**Provided data**:

• • • •

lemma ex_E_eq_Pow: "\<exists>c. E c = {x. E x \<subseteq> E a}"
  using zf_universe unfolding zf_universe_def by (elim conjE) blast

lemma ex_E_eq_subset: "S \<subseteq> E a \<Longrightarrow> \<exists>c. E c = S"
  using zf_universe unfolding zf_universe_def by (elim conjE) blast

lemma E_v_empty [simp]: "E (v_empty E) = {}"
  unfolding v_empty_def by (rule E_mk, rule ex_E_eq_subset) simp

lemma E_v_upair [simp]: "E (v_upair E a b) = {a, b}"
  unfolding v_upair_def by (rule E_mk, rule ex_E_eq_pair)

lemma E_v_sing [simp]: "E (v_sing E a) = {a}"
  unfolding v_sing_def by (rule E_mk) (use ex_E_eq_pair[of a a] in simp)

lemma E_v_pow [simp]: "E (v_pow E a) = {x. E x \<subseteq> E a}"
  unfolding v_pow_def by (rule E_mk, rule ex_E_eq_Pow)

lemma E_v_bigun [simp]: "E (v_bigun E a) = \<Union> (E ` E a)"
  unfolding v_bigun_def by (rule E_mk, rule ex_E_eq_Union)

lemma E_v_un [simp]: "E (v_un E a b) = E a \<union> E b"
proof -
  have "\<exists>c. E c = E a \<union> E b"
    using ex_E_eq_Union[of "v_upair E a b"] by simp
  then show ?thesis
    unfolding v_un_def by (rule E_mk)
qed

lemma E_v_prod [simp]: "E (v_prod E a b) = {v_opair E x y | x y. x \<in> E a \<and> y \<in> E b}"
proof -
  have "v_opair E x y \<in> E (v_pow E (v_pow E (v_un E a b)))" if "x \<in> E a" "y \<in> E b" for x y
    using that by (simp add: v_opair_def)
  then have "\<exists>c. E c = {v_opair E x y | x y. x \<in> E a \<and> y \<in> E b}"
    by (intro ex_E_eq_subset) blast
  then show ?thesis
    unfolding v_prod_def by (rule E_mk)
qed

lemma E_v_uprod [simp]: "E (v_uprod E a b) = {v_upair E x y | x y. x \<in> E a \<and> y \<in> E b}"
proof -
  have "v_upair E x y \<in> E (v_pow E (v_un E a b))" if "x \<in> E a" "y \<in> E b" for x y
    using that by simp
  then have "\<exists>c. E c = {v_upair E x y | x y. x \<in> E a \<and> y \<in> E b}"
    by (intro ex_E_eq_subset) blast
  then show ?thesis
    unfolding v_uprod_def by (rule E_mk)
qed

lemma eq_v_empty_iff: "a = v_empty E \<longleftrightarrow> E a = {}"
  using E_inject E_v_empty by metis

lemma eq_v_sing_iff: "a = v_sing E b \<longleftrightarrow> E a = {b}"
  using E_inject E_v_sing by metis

• • • •

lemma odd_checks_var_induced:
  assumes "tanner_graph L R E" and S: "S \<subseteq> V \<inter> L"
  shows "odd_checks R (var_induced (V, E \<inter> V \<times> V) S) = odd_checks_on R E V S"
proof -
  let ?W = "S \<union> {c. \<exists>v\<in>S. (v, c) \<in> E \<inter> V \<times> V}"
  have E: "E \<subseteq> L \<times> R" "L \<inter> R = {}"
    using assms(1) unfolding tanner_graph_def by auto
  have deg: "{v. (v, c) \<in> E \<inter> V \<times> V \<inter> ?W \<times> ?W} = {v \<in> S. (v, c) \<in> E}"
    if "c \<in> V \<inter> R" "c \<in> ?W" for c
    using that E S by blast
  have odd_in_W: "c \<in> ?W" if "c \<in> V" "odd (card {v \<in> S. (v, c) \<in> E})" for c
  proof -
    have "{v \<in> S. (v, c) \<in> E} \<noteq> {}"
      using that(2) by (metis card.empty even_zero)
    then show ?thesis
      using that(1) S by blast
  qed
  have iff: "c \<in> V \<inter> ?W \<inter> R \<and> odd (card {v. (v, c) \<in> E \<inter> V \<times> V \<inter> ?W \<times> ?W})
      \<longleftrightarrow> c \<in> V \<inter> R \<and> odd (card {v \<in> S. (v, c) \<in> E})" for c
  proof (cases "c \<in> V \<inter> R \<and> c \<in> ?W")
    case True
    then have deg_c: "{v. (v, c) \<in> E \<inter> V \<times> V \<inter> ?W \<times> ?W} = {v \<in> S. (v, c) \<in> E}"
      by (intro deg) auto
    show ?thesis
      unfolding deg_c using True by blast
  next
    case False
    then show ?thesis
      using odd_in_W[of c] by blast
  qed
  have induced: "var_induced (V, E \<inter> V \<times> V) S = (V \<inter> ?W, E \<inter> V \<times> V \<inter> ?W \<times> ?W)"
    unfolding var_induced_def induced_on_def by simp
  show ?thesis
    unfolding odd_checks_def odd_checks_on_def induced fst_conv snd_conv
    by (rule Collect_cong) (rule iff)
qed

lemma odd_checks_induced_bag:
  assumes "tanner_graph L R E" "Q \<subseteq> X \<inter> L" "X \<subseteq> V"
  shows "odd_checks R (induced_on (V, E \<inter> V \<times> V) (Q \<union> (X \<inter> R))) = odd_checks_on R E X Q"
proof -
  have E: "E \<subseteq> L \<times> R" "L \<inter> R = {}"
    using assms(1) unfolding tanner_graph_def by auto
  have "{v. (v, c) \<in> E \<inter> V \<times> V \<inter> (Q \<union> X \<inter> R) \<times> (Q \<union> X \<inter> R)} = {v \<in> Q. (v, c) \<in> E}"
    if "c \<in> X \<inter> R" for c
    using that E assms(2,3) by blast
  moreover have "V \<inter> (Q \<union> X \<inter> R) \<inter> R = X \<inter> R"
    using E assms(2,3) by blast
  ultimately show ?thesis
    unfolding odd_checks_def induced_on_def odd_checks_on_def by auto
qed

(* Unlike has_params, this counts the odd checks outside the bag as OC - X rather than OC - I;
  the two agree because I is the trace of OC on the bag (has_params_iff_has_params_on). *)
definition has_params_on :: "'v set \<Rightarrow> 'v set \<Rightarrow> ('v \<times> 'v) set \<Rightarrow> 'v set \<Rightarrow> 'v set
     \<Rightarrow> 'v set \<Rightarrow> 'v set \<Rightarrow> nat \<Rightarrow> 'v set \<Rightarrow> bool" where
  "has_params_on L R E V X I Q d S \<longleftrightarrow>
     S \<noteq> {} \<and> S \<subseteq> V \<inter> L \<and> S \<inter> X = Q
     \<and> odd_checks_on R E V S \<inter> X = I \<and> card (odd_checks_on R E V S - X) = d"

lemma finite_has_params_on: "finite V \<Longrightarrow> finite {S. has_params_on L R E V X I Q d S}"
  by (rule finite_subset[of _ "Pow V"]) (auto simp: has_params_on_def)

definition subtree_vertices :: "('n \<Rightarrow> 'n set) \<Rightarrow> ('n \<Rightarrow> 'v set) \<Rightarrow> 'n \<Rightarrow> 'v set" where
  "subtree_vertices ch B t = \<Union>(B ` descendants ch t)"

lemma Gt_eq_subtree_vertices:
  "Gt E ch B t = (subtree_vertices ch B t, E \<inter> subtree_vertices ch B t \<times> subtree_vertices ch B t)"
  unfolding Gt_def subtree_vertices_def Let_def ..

• • • •

**Required action**: Here the output must be the lines above from the line with "(* Unlike has_params, this" to the line with "set \<Rightarrow> nat", both included, duplicated word for word and nothing else.

**Finished exercise**:
(* Unlike has_params, this counts the odd checks outside the bag as OC - X rather than OC - I;
  the two agree because I is the trace of OC on the bag (has_params_iff_has_params_on). *)
definition has_params_on :: "'v set \<Rightarrow> 'v set \<Rightarrow> ('v \<times> 'v) set \<Rightarrow> 'v set \<Rightarrow> 'v set
     \<Rightarrow> 'v set \<Rightarrow> 'v set \<Rightarrow> nat \<Rightarrow> 'v set \<Rightarrow> bool" where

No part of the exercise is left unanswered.